The Backwards Book Trend You'll Never Want to See Again, Ever

© Lana U/Shutterstock
© Lana U/Shutterstock
Photo of Amber C. Snider
Home & Design Editor23 January 2018

Every once in a while, a new home design trend emerges that makes you go, “Whaaa? But why?”

In the scheme of home décor faux pas, the backwards book trend has to be the worst. Unlike other horrendous design trends, this one is so bad it almost feels almost offensive; as in, are you shaming your own books? What’s going on over there?

When it comes to questionable home décor, the culprit is normally because of a blatant dismissal of one principle: form follows function. It’s not to say that every item in your home has to have a specific function—some things are just for aesthetic and that’s OK, while some things have a purely sentimental level. And that’s OK too.

But when it comes to books, their role is pretty clear: to be seen and read. So why intentionally subvert that function?

Perhaps that’s why this whole “backwards book trend” is so baffling, so utterly nonsensical. Are we so trapped in an anti-intellectual society that we dismiss even the legible spines of our books?

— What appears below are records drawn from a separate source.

(* Let $p,q\ge1$ be integers with $g=\gcd(p,q)\ge2$ and let $0<\varepsilon\le\varepsilon^\star=g/(pq)$. Then under the cyclic-walk evaluator, $N_{\mathrm{orbit}}^{\mathrm{single}}(\varepsilon,p,q)=\lceil p/2\rceil$.
   Context: Let $\mathbb{T}^1=\mathbb{R}/\mathbb{Z}$; for $x\in\mathbb{R}$ write $\|x\|=\min_{m\in\mathbb{Z}}|x-m|$, and $B(z,\varepsilon)=\{x\in\mathbb{T}^1:\|x-z\|<\varepsilon\}$. For finite $D\subseteq\mathbb{T}^1$ set $V_\varepsilon(D)=\bigcup_{x\in D}B(x,\varepsilon)$. Let $H_{\mathrm{train}}=\{j/q\bmod1:0\le j<q\}$, $\Omega_E=\{k/p\bmod1:0\le k<p\}$, $g=\gcd(p,q)$, $\varepsilon^\star=1/\mathrm{lcm}(p,q)=g/(pq)$. Game: rounds $n=0,1,2,\dots$; the evaluator sends $E_n=\{n/p\bmod1\}$. The trainer's dataset starts at $D_0=\emptyset$; under the single move type, at each round the trainer chooses $h_n\in H_{\mathrm{train}}$ and $c_n\in D_n\cup E_n$ and sets $D_{n+1}=D_n\cup E_n\cup\{c_n+h_n\}$. $N_{\mathrm{orbit}}^{\mathrm{single}}(\varepsilon,p,q)$ is the minimum over trainer strategies of the first round $n$ at which $\Omega_E\subseteq V_\varepsilon(D_n)$. *)

theory Defs
  imports Complex_Main
begin

text \<open>Points of the circle T^1 = R/Z are represented by real representatives;
  everything below only depends on them through the circle norm, which is
  1-periodic, so this is faithful.\<close>

definition tnorm :: "real \<Rightarrow> real" where
  "tnorm x = (INF m::int. \<bar>x - of_int m\<bar>)"

definition Vnbhd :: "real \<Rightarrow> real set \<Rightarrow> real set" where
  "Vnbhd eps D = {y. \<exists>x\<in>D. tnorm (y - x) < eps}"

definition OmegaE :: "nat \<Rightarrow> real set" where
  "OmegaE p = {real k / real p | k. k < p}"

definition Emsg :: "nat \<Rightarrow> nat \<Rightarrow> real set" where
  "Emsg p n = {real n / real p}"

text \<open>Dataset produced by choices h (index j, meaning the shift j/q) and c.\<close>
fun Dset :: "nat \<Rightarrow> nat \<Rightarrow> (nat \<Rightarrow> nat) \<Rightarrow> (nat \<Rightarrow> real) \<Rightarrow> nat \<Rightarrow> real set" where
  "Dset p q h c 0 = {}"
| "Dset p q h c (Suc n) =
     Dset p q h c n \<union> Emsg p n \<union> {c n + real (h n) / real q}"

text \<open>Since the evaluator is deterministic,
  strategies can be identified with their sequences of choices.\<close>
definition legal :: "nat \<Rightarrow> nat \<Rightarrow> (nat \<Rightarrow> nat) \<Rightarrow> (nat \<Rightarrow> real) \<Rightarrow> bool" where
  "legal p q h c \<longleftrightarrow> (\<forall>n. h n < q \<and> c n \<in> Dset p q h c n \<union> Emsg p n)"

definition N_orbit_single :: "real \<Rightarrow> nat \<Rightarrow> nat \<Rightarrow> nat" where
  "N_orbit_single eps p q =
     (LEAST n. \<exists>h c. legal p q h c \<and> OmegaE p \<subseteq> Vnbhd eps (Dset p q h c n))"

end

theory Submission imports Defs begin

(* Every point the trainer can hold is of the form a/p + b/q, a multiple of 1/lcm(p,q), and so
   is every target k/p. A radius eps <= g/(pq) = 1/lcm(p,q) is therefore only met by exact hits
   modulo 1, so the at most 2n points held after n rounds must represent all p residues k/p,
   whence p <= 2n. Conversely, the shifts t (q/g)/q = t (p/g)/p with t < g lie in H_train, and
   with them each of the first ceil(p/2) rounds can add one new residue besides the
   evaluator's, which covers Omega_E in ceil(p/2) rounds. *)

lemma tnorm_less_imp_near_int:
  assumes "tnorm y < e"
  shows "\<exists>m::int. \<bar>y - of_int m\<bar> < e"
proof -
  have "bdd_below (range (\<lambda>m::int. \<bar>y - of_int m\<bar>))"
    by (rule bdd_belowI[of _ 0]) auto
  with assms show ?thesis
    unfolding tnorm_def by (subst (asm) cINF_less_iff) auto
qed

lemma subset_Vnbhd:
  assumes "0 < eps"
  shows "D \<subseteq> Vnbhd eps D"
proof -
  have "tnorm 0 \<le> \<bar>0 - of_int 0\<bar>"
    unfolding tnorm_def by (rule cINF_lower) (auto intro: bdd_belowI[of _ 0])
  with assms show ?thesis
    unfolding Vnbhd_def by force
qed

lemma Dset_eq:
  "Dset p q h c n =
     (\<lambda>k. real k / real p) ` {..<n} \<union> (\<lambda>m. c m + real (h m) / real q) ` {..<n}"
  by (induction n) (simp_all add: Emsg_def lessThan_Suc insert_commute)

lemma finite_Dset: "finite (Dset p q h c n)"
  by (simp add: Dset_eq)

lemma card_Dset_le: "card (Dset p q h c n) \<le> 2 * n"
proof -
  have "card (Dset p q h c n) \<le> card ((\<lambda>k. real k / real p) ` {..<n})
      + card ((\<lambda>m. c m + real (h m) / real q) ` {..<n})"
    unfolding Dset_eq by (rule card_Un_le)
  also have "\<dots> \<le> n + n"
    by (intro add_mono order_trans[OF card_image_le]) simp_all
  finally show ?thesis by simp
qed

lemma OmegaE_eq: "OmegaE p = (\<lambda>k. real k / real p) ` {..<p}"
  unfolding OmegaE_def by auto

lemma card_OmegaE: "card (OmegaE p) = p"
proof (cases "p = 0")
  case False
  then have "inj_on (\<lambda>k. real k / real p) {..<p}"
    by (auto intro!: inj_onI)
  then show ?thesis
    unfolding OmegaE_eq by (simp add: card_image)
qed (simp add: OmegaE_def)

lemma legalI:
  assumes "\<And>n. h n < q" and "\<And>n. \<exists>k\<le>n. c n = real k / real p"
  shows "legal p q h c"
  unfolding legal_def Dset_eq Emsg_def
proof (intro allI conjI)
  fix n
  obtain k where "k \<le> n" "c n = real k / real p" using assms(2) by blast
  then show "c n \<in> (\<lambda>k. real k / real p) ` {..<n}
      \<union> (\<lambda>m. c m + real (h m) / real q) ` {..<n} \<union> {real n / real p}"
    by (cases "k = n") auto
qed (use assms(1) in blast)

lemma of_nat_divide_in_grid:
  assumes "0 < L" "p dvd L"
  shows "real k / real p \<in> range (\<lambda>j::int. of_int j / real L)"
proof -
  from assms(2) obtain r where r: "L = p * r" by blast
  with assms(1) have "real k / real p = of_int (int k * int r) / real L" by simp
  then show ?thesis by blast
qed

lemma Dset_subset_grid:
  assumes "legal p q h c" and "0 < L" "p dvd L" "q dvd L"
  shows "Dset p q h c n \<subseteq> range (\<lambda>j::int. of_int j / real L)"
proof (induction n)
  case (Suc n)
  let ?grid = "range (\<lambda>j::int. of_int j / real L)"
  have evaluator: "Emsg p n \<subseteq> ?grid"
    using of_nat_divide_in_grid[OF assms(2,3)] by (simp add: Emsg_def)
  have "c n \<in> Dset p q h c n \<union> Emsg p n"
    using assms(1) by (simp add: legal_def)
  then obtain i :: int where i: "c n = of_int i / real L"
    using Suc.IH evaluator by blast
  obtain j :: int where j: "real (h n) / real q = of_int j / real L"
    using of_nat_divide_in_grid[OF assms(2,4)] by blast
  have "c n + real (h n) / real q \<in> ?grid"
    unfolding i j by (rule image_eqI[where x = "i + j"]) (simp_all add: add_divide_distrib)
  then show ?case
    using Suc.IH evaluator by auto
qed simp

lemma grid_point_near_int:
  assumes "0 < L" and "tnorm (of_int j / real L) < 1 / real L"
  shows "of_int j / real L \<in> \<int>"
proof -
  obtain m :: int where "\<bar>of_int j / real L - of_int m\<bar> < 1 / real L"
    using tnorm_less_imp_near_int[OF assms(2)] by blast
  with assms(1) have "\<bar>of_int (j - m * int L)\<bar> < (1::real)"
    by (simp add: field_simps abs_divide)
  then have "j = m * int L" by linarith
  with assms(1) show ?thesis by simp
qed

lemma OmegaE_subset_frac_Dset:
  assumes "0 < p" "0 < q" and "eps \<le> 1 / real (lcm p q)"
    and "legal p q h c" and "OmegaE p \<subseteq> Vnbhd eps (Dset p q h c n)"
  shows "OmegaE p \<subseteq> frac ` Dset p q h c n"
proof
  fix y assume "y \<in> OmegaE p"
  then obtain k where k: "k < p" "y = real k / real p" unfolding OmegaE_def by blast
  from assms(5) \<open>y \<in> OmegaE p\<close> obtain x where x: "x \<in> Dset p q h c n" "tnorm (y - x) < eps"
    unfolding Vnbhd_def by blast
  let ?L = "lcm p q"
  have L: "0 < ?L" using assms(1,2) by (simp add: lcm_pos_nat)
  obtain i :: int where i: "y = of_int i / real ?L"
    using of_nat_divide_in_grid[OF L, of p k] k(2) by auto
  obtain j :: int where j: "x = of_int j / real ?L"
    using Dset_subset_grid[OF assms(4) L] x(1) by fastforce
  have "y - x = of_int (i - j) / real ?L"
    unfolding i j by (simp add: diff_divide_distrib)
  with x(2) assms(3) grid_point_near_int[OF L, of "i - j"] have "y - x \<in> \<int>" by simp
  then have "x - y \<in> \<int>"
    by (metis Ints_minus minus_diff_eq)
  with k have "frac x = y"
    by (simp add: frac_unique_iff)
  with x(1) show "y \<in> frac ` Dset p q h c n" by blast
qed

lemma covering_needs_half_rounds:
  assumes "0 < p" "0 < q" and "eps \<le> 1 / real (lcm p q)"
    and "legal p q h c" and "OmegaE p \<subseteq> Vnbhd eps (Dset p q h c n)"
  shows "p \<le> 2 * n"
proof -
  have "p = card (OmegaE p)" by (simp add: card_OmegaE)
  also have "\<dots> \<le> card (frac ` Dset p q h c n)"
    by (intro card_mono finite_imageI finite_Dset OmegaE_subset_frac_Dset[OF assms])
  also have "\<dots> \<le> card (Dset p q h c n)" by (rule card_image_le[OF finite_Dset])
  also have "\<dots> \<le> 2 * n" by (rule card_Dset_le)
  finally show ?thesis .
qed

text \<open>The trainer's strategy in terms of indices \<open>k\<close> of points \<open>k/p\<close>: in round \<open>n\<close> it adds
  \<open>base n + t n * p'\<close>, shifting an index \<open>base n \<le> n\<close> it already holds by \<open>t n < g\<close> steps
  of \<open>p'\<close>. With \<open>s = \<lceil>g/2\<rceil> p'\<close>, the first \<open>p - s\<close> rounds add \<open>n + s\<close>, covering
  \<open>[s, p)\<close>; the remaining rounds fill the gap \<open>[N, s)\<close> one index at a time, each a single
  step \<open>p'\<close> above an index held already.\<close>

lemma half_cover_indices:
  fixes g p' p :: nat
  assumes "2 \<le> g" "1 \<le> p'" "p = g * p'"
  obtains base t :: "nat \<Rightarrow> nat"
  where "\<And>n. base n \<le> n" and "\<And>n. t n < g"
    and "\<And>k. k < p \<Longrightarrow> k < (p + 1) div 2 \<or> (\<exists>n<(p + 1) div 2. k = base n + t n * p')"
proof -
  define N where "N = (p + 1) div 2"
  define G where "G = (g + 1) div 2"
  define s where "s = G * p'"
  have G: "G < g" "g \<le> 2 * G" "2 * G \<le> g + 1"
    unfolding G_def using assms(1) by auto
  have s: "s \<le> p" "p \<le> 2 * s" "2 * s \<le> p + p'"
    using mult_le_mono1[OF G(2), of p'] mult_le_mono1[OF G(3), of p'] G(1)
    unfolding s_def assms(3) by (simp_all add: algebra_simps)
  have "2 * p' \<le> p"
    using mult_le_mono1[OF assms(1), of p'] unfolding assms(3) .
  then have N: "p \<le> 2 * N" "2 * N \<le> p + 1" "p' \<le> N"
    unfolding N_def by linarith+
  define base where "base n = (if n < p - s then n else n + N + s - p - p')" for n
  define t where "t n = (if n < p - s then G else 1)" for n
  show thesis
  proof (rule that)
    show "base n \<le> n" for n
      unfolding base_def using N s by auto
    show "t n < g" for n
      unfolding t_def using G assms(1) by auto
    fix k assume "k < p"
    consider "k < N" | "s \<le> k" | "N \<le> k" "k < s" by linarith
    then show "k < (p + 1) div 2 \<or> (\<exists>n<(p + 1) div 2. k = base n + t n * p')"
    proof cases
      case 2
      then have "k - s < N \<and> k = base (k - s) + t (k - s) * p'"
        using \<open>k < p\<close> N s unfolding base_def t_def s_def by auto
      then show ?thesis unfolding N_def by blast
    next
      case 3
      define n where "n = k + p - s - N"
      have "n < N \<and> k = base n + t n * p'"
        using 3 \<open>k < p\<close> N s unfolding base_def t_def n_def by auto
      then show ?thesis unfolding N_def by blast
    qed (simp add: N_def)
  qed
qed

lemma add_shift_eq:
  assumes "p = g * p'" "q = g * q'" and "0 < g" "0 < p'" "0 < q'"
  shows "real b / real p + real (t * q') / real q = real (b + t * p') / real p"
  using assms by (simp add: field_simps)

lemma covering_strategy:
  assumes "1 \<le> p" "1 \<le> q" "2 \<le> gcd p q" "0 < eps"
  shows "\<exists>h c. legal p q h c \<and> OmegaE p \<subseteq> Vnbhd eps (Dset p q h c ((p + 1) div 2))"
proof -
  define g where "g = gcd p q"
  define p' where "p' = p div g"
  define q' where "q' = q div g"
  have g: "2 \<le> g" using assms(3) by (simp add: g_def)
  have p: "p = g * p'" and q: "q = g * q'"
    unfolding p'_def q'_def g_def by simp_all
  have "1 \<le> p'" "1 \<le> q'"
    using p q assms(1,2) by (simp_all add: Suc_le_eq)
  obtain base t where base: "\<And>n. base n \<le> n" and t: "\<And>n. t n < g"
    and cover: "\<And>k. k < p \<Longrightarrow> k < (p + 1) div 2 \<or> (\<exists>n<(p + 1) div 2. k = base n + t n * p')"
    using half_cover_indices[OF g \<open>1 \<le> p'\<close> p] by blast
  define h where "h n = t n * q'" for n
  define c where "c n = real (base n) / real p" for n
  have "legal p q h c"
  proof (rule legalI)
    show "h n < q" for n
      unfolding h_def q using t \<open>1 \<le> q'\<close> by simp
    show "\<exists>k\<le>n. c n = real k / real p" for n
      unfolding c_def using base by blast
  qed
  have added: "c n + real (h n) / real q = real (base n + t n * p') / real p" for n
    unfolding c_def h_def using add_shift_eq[OF p q] g \<open>1 \<le> p'\<close> \<open>1 \<le> q'\<close> by simp
  have "OmegaE p \<subseteq> Dset p q h c ((p + 1) div 2)"
  proof
    fix y assume "y \<in> OmegaE p"
    then obtain k where "k < p" and y: "y = real k / real p"
      unfolding OmegaE_def by blast
    from cover[OF \<open>k < p\<close>] show "y \<in> Dset p q h c ((p + 1) div 2)"
    proof
      assume "k < (p + 1) div 2"
      then show ?thesis unfolding Dset_eq y by blast
    next
      assume "\<exists>n<(p + 1) div 2. k = base n + t n * p'"
      then obtain n where "n < (p + 1) div 2" "y = c n + real (h n) / real q"
        unfolding y added by blast
      then show ?thesis unfolding Dset_eq by blast
    qed
  qed
  then show ?thesis
    using \<open>legal p q h c\<close> subset_Vnbhd[OF assms(4)] by blast
qed

lemma nat_ceiling_half: "nat \<lceil>real p / 2\<rceil> = (p + 1) div 2"
proof -
  have "\<lceil>real p / 2\<rceil> = - (- int p div 2)"
    using ceiling_divide_eq_div[of "int p" 2] by simp
  also have "\<dots> = int ((p + 1) div 2)" by linarith
  finally show ?thesis by simp
qed

lemma gcd_div_prod_eq_inverse_lcm:
  assumes "0 < p" "0 < q"
  shows "real (gcd p q) / (real p * real q) = 1 / real (lcm p q)"
proof -
  have "real p * real q = real (gcd p q) * real (lcm p q)"
    by (metis of_nat_mult prod_gcd_lcm_nat)
  with assms show ?thesis by (simp add: lcm_pos_nat)
qed

theorem mainTheorem5:
  fixes p q :: nat and eps :: real
  assumes "p \<ge> 1" and "q \<ge> 1" and "gcd p q \<ge> 2"
    and "0 < eps" and "eps \<le> real (gcd p q) / (real p * real q)"
  shows "N_orbit_single eps p q = nat \<lceil>real p / 2\<rceil>"
proof -
  have pq: "0 < p" "0 < q" using assms(1,2) by simp_all
  have "N_orbit_single eps p q = (p + 1) div 2"
    unfolding N_orbit_single_def
  proof (rule Least_equality)
    show "\<exists>h c. legal p q h c \<and> OmegaE p \<subseteq> Vnbhd eps (Dset p q h c ((p + 1) div 2))"
      using covering_strategy[OF assms(1-4)] .
  next
    fix n assume "\<exists>h c. legal p q h c \<and> OmegaE p \<subseteq> Vnbhd eps (Dset p q h c n)"
    then have "p \<le> 2 * n"
      using covering_needs_half_rounds[OF pq] assms(5) gcd_div_prod_eq_inverse_lcm[OF pq] by auto
    then show "(p + 1) div 2 \<le> n" by simp
  qed
  then show ?thesis by (simp add: nat_ceiling_half)
qed

end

Are the titles so offensive that we can’t bear to see them glaring at us from their shelves? Does David Foster Wallace’s Infinite Jest or Susan Sontag’s Debriefing mock you with their bold lettering and self-assertion, and must be turned around?

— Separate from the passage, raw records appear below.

lemma coord_few_cluster_parents:
  assumes "x \<in> C" "(x, B) \<in> Ups" "card (B \<inter> C) < k"
  shows "w $ (x, B) = 0"
proof -
  have "card (insert x (B \<inter> C)) \<le> k"
    using assms(3) by (simp add: card_insert_if)
  then obtain L where L: "insert x (B \<inter> C) \<subseteq> L" "L \<subseteq> C" "card L = k"
    using exists_subset_between[of "insert x (B \<inter> C)" k C] k_less assms(1) by auto
  have tight: "is_tight_DAG C k (graph_of (standard_parents C L))"
    using is_tight_standard_parents[OF L(2,3) k_pos] .
  have "x \<notin> B" using assms(2) by (simp add: Ups_def)
  then have "is_DAG (graph_of ((standard_parents C L)(x := B)))"
    by (intro is_DAG_graph_of_rank[where r = "\<lambda>a. if a \<in> C - L then 2 else if a = x then 1 else 0"])
      (use L in \<open>auto simp: standard_parents_def split: if_splits\<close>)
  then have "family_weight w x B = family_weight w x (standard_parents C L x)"
    using assms L k_pos
    by (intro family_weight_upd[OF tight] is_tight_DAG_upd[OF tight]) (auto simp: standard_parents_def)
  also have "\<dots> = 0" using L by (simp add: standard_parents_def)
  finally show ?thesis using assms(2) by (simp add: family_weight_def)
qed

lemma coord_many_cluster_parents:
  assumes "x \<in> C" "(x, B) \<in> Ups" "k \<le> card (B \<inter> C)" "L \<subseteq> C - {x}" "card L = k"
  shows "w $ (x, B) = family_weight w x L"
proof -
  have L: "L \<subseteq> C" "x \<notin> L" "L \<inter> C = L" using assms(4) by auto
  have tight: "is_tight_DAG C k (graph_of (standard_parents C L))"
    using is_tight_standard_parents[OF L(1) assms(5) k_pos] .
  have "x \<notin> B" using assms(2) by (simp add: Ups_def)
  then have "is_DAG (graph_of ((standard_parents C L)(x := B)))"
    by (intro is_DAG_graph_of_rank[where r = "\<lambda>a. if a = x then 2 else if a \<in> C - L then 1 else 0"])
      (use L in \<open>auto simp: standard_parents_def split: if_splits\<close>)
  then have "family_weight w x B = family_weight w x (standard_parents C L x)"
    using assms L
    by (intro family_weight_upd[OF tight] is_tight_DAG_upd[OF tight]) (auto simp: standard_parents_def)
  then show ?thesis using assms(1,2) L by (simp add: family_weight_def standard_parents_def)
qed

definition cluster_weight :: "'n \<Rightarrow> real" where
  "cluster_weight x = family_weight w x (SOME L. L \<subseteq> C - {x} \<and> card L = k)"

lemma coord_eq_cluster_weight:
  assumes "x \<in> C" "(x, B) \<in> Ups" "k \<le> card (B \<inter> C)"
  shows "w $ (x, B) = cluster_weight x"
proof -
  have "\<exists>L. L \<subseteq> C - {x} \<and> card L = k"
    using exists_subset_between[of "{}" k "C - {x}"] k_less assms(1) by auto
  then show ?thesis
    unfolding cluster_weight_def by (rule someI2_ex) (use coord_many_cluster_parents[OF assms] in blast)
qed

lemma sum_cluster_weight_complement:
  assumes "L \<subseteq> C" "card L = k"
  shows "(\<Sum>z\<in>C - L. cluster_weight z) = u"
proof -
  have "family_weight w z L = cluster_weight z" if "z \<in> C - L" for z
  proof -
    have "(z, L) \<in> Ups" using that assms k_pos by (auto simp: Ups_def)
    then show ?thesis
      using coord_eq_cluster_weight[of z L] that assms by (simp add: family_weight_def Int_absorb2)
  qed
  then have "(\<Sum>a\<in>UNIV. family_weight w a (standard_parents C L a))
      = (\<Sum>a\<in>UNIV. if a \<in> C - L then cluster_weight a else 0)"
    by (intro sum.cong refl) (simp add: standard_parents_def)
  also have "\<dots> = (\<Sum>z\<in>C - L. cluster_weight z)"
    by (simp only: sum.If_cases finite Int_UNIV_left sum.neutral_const add_0_right Collect_mem_eq)
  finally have "(\<Sum>a\<in>UNIV. family_weight w a (standard_parents C L a)) = (\<Sum>z\<in>C - L. cluster_weight z)" .
  moreover have "(\<Sum>a\<in>UNIV. family_weight w a (standard_parents C L a)) = u"
    using constant_on_tight[OF is_tight_standard_parents[OF assms k_pos]]
    by (simp only: inner_eta_graph_of)
  ultimately show ?thesis by simp
qed

lemma cluster_weight_eq:
  assumes "a \<in> C" "b \<in> C"
  shows "cluster_weight a = cluster_weight b"
proof (cases "a = b")
  case False
  have "k \<le> card (C - {a})" using k_less assms(1) by (simp add: card_Diff_singleton)
  then obtain L where L: "{b} \<subseteq> L" "L \<subseteq> C - {a}" "card L = k"
    using exists_subset_between[of "{b}" k "C - {a}"] k_pos assms False by auto
  define L' where "L' = insert a (L - {b})"
  have "a \<notin> L - {b}" "card (L - {b}) = k - 1"
    using L by (auto simp: card_Diff_singleton)
  then have "card L' = k"
    unfolding L'_def using k_pos by (simp add: card_insert_disjoint)
  moreover have "L' \<subseteq> C" using L assms by (auto simp: L'_def)
  moreover define D where "D = C - L - {a}"
  moreover have "C - L = insert a D" "C - L' = insert b D" "a \<notin> D" "b \<notin> D"
    using L assms by (auto simp: D_def L'_def)
  ultimately have "cluster_weight a + sum cluster_weight D = u" "cluster_weight b + sum cluster_weight D = u"
    using sum_cluster_weight_complement[of L] sum_cluster_weight_complement[of L'] L by auto
  then show ?thesis by simp
qed simp

lemma coords_proportional_cluster_vector: "\<exists>\<mu>. \<forall>p\<in>Ups. w $ p = \<mu> * cluster_vector C k $ p"
proof -
  obtain x0 where x0: "x0 \<in> C" using k_less by fastforce
  have "w $ (x, B) = cluster_weight x0 * cluster_vector C k $ (x, B)" if "(x, B) \<in> Ups" for x B
  proof -
    consider "x \<notin> C" | "x \<in> C" "card (B \<inter> C) < k" | "x \<in> C" "k \<le> card (B \<inter> C)"
      by linarith
    then show ?thesis
    proof cases
      case 1
      then show ?thesis using coord_outside_cluster that by (simp add: cluster_vector_def)
    next
      case 2
      then show ?thesis using coord_few_cluster_parents that by (simp add: cluster_vector_def)
    next
      case 3
      then show ?thesis
        using coord_eq_cluster_weight cluster_weight_eq[OF _ x0] that
        by (auto simp: cluster_vector_def Ups_def)
    qed
  qed
  then show ?thesis by auto
qed

end

section \<open>The face has codimension one\<close>

lemma dim_substandard_real_cart: "dim {x :: real ^ 'i. \<forall>i. i \<notin> d \<longrightarrow> x $ i = 0} = card d"
  using dim_substandard_cart[where 'a=real] unfolding dim_vec_eq .

lemma aff_dim_family_polytope_le:
  "aff_dim (family_polytope :: (real ^ ('n::finite \<times> 'n set)) set) \<le> int (card (Ups :: ('n \<times> 'n set) set))"
proof -
  let ?S = "{x :: real ^ ('n \<times> 'n set). \<forall>p. p \<notin> Ups \<longrightarrow> x $ p = 0}"
  have S: "subspace ?S"
    unfolding subspace_vec_eq[symmetric] by (rule subspace_substandard_cart)
  have "(family_polytope :: (real ^ ('n \<times> 'n set)) set) \<subseteq> ?S"
    unfolding family_polytope_def
  proof (rule hull_minimal)
    show "{eta G |G. is_DAG G} \<subseteq> ?S" by (auto simp: eta_def)
    show "convex ?S" using S by (rule subspace_imp_convex)
  qed
  then have "aff_dim (family_polytope :: (real ^ ('n \<times> 'n set)) set) \<le> aff_dim ?S"
    by (rule aff_dim_subset)
  also have "\<dots> = int (dim ?S)"
    using S by (rule aff_dim_subspace)
  also have "dim ?S = card (Ups :: ('n \<times> 'n set) set)"
    by (rule dim_substandard_real_cart)
  finally show ?thesis .
qed

lemma aff_dim_ge_by_normals:
  fixes F :: "'a::euclidean_space set"
  assumes "x0 \<in> F" "subspace W" "\<And>y. \<forall>x\<in>F. y \<bullet> x = y \<bullet> x0 \<Longrightarrow> y \<in> W"
  shows "int DIM('a) - int (dim W) \<le> aff_dim F"
proof -
  define D where "D = (+) (- x0) ` F"
  have aff: "aff_dim F = int (dim D)"
    unfolding D_def by (rule aff_dim_eq_dim[OF hull_inc[OF assms(1)]])
  define Orth where "Orth = {y \<in> UNIV. \<forall>x\<in>span D. orthogonal x y}"
  have "dim Orth + dim (span D) = dim (UNIV :: 'a set)"
    unfolding Orth_def by (rule dim_subspace_orthogonal_to_vectors) (auto simp: subspace_span)
  moreover have "Orth \<subseteq> W"
  proof
    fix y assume y: "y \<in> Orth"
    have "y \<bullet> x = y \<bullet> x0" if "x \<in> F" for x
    proof -
      have "- x0 + x \<in> span D" using that unfolding D_def by (intro span_base) auto
      then have "(- x0 + x) \<bullet> y = 0" using y by (simp add: Orth_def orthogonal_def)
      then have "y \<bullet> (x - x0) = 0" by (simp add: inner_commute)
      then show ?thesis by (simp add: inner_diff_right)
    qed
    then have "\<forall>x\<in>F. y \<bullet> x = y \<bullet> x0" by blast
    then show "y \<in> W" by (rule assms(3))
  qed
  then have "dim Orth \<le> dim W" by (rule dim_subset)
  ultimately show ?thesis using aff by simp
qed

lemma cluster_face_normal_in_span:
  fixes C :: "'n::finite set" and k :: nat
  defines "F \<equiv> {v \<in> family_polytope. cluster_vector C k \<bullet> v = real (card C) - real k}"
  assumes "1 \<le> k" "k < card C" "x0 \<in> F" and y: "\<forall>x\<in>F. y \<bullet> x = y \<bullet> x0"
  shows "y \<in> span (insert (cluster_vector C k) {y. \<forall>p. p \<notin> - Ups \<longrightarrow> y $ p = 0})"
proof -
  interpret tight_face_normal C k y "y \<bullet> x0"
  proof
    show "1 \<le> k" "k < card C" by (fact assms)+
    fix G assume "is_tight_DAG C k G"
    then have "eta G \<in> F" unfolding F_def using assms by (intro eta_in_cluster_face) auto
    then show "y \<bullet> eta G = y \<bullet> x0" using y by blast
  qed
  obtain \<mu> where \<mu>: "\<forall>p\<in>Ups. y $ p = \<mu> * cluster_vector C k $ p"
    using coords_proportional_cluster_vector by blast
  have "y - \<mu> *\<^sub>R cluster_vector C k \<in> {y. \<forall>p. p \<notin> - Ups \<longrightarrow> y $ p = 0}" using \<mu> by simp
  then have "\<mu> *\<^sub>R cluster_vector C k + (y - \<mu> *\<^sub>R cluster_vector C k)
      \<in> span (insert (cluster_vector C k) {y. \<forall>p. p \<notin> - Ups \<longrightarrow> y $ p = 0})"
    by (intro span_add span_scale span_base) auto
  then show ?thesis by simp
qed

Are we punishing our books?

Needless to say, it’s pretty baffling.

We can hyper-analyze the “why” of this trend until the point of exhaustion, but at the end of the day, it comes down to this: it just doesn’t look good. And perhaps more importantly, it doesn’t make sense. Some have said the trend is to bring a sense of uniformity to a room (in the form of a sandpapered, beige blandness), rather than highlight diversity of color and texture.

For many book lovers (and design lovers) out there, this trend feels vaguely dystopian. It’s an unintentional censorship of words. And it’s for one type of person: someone who must really hate reading. It’s for someone who views books as mere aesthetic tools, as props in the absurdist theater that is their home.

The backwards book trend is for those who couldn’t care less about distinguishing Nietzsche from Elizabeth Gilbert. Those who like the “idea” of books, rather than actual reading.

So can we all agree to stop glorifying this “book shaming” trend? Let’s put it to rest and collectively decide to never, ever do it.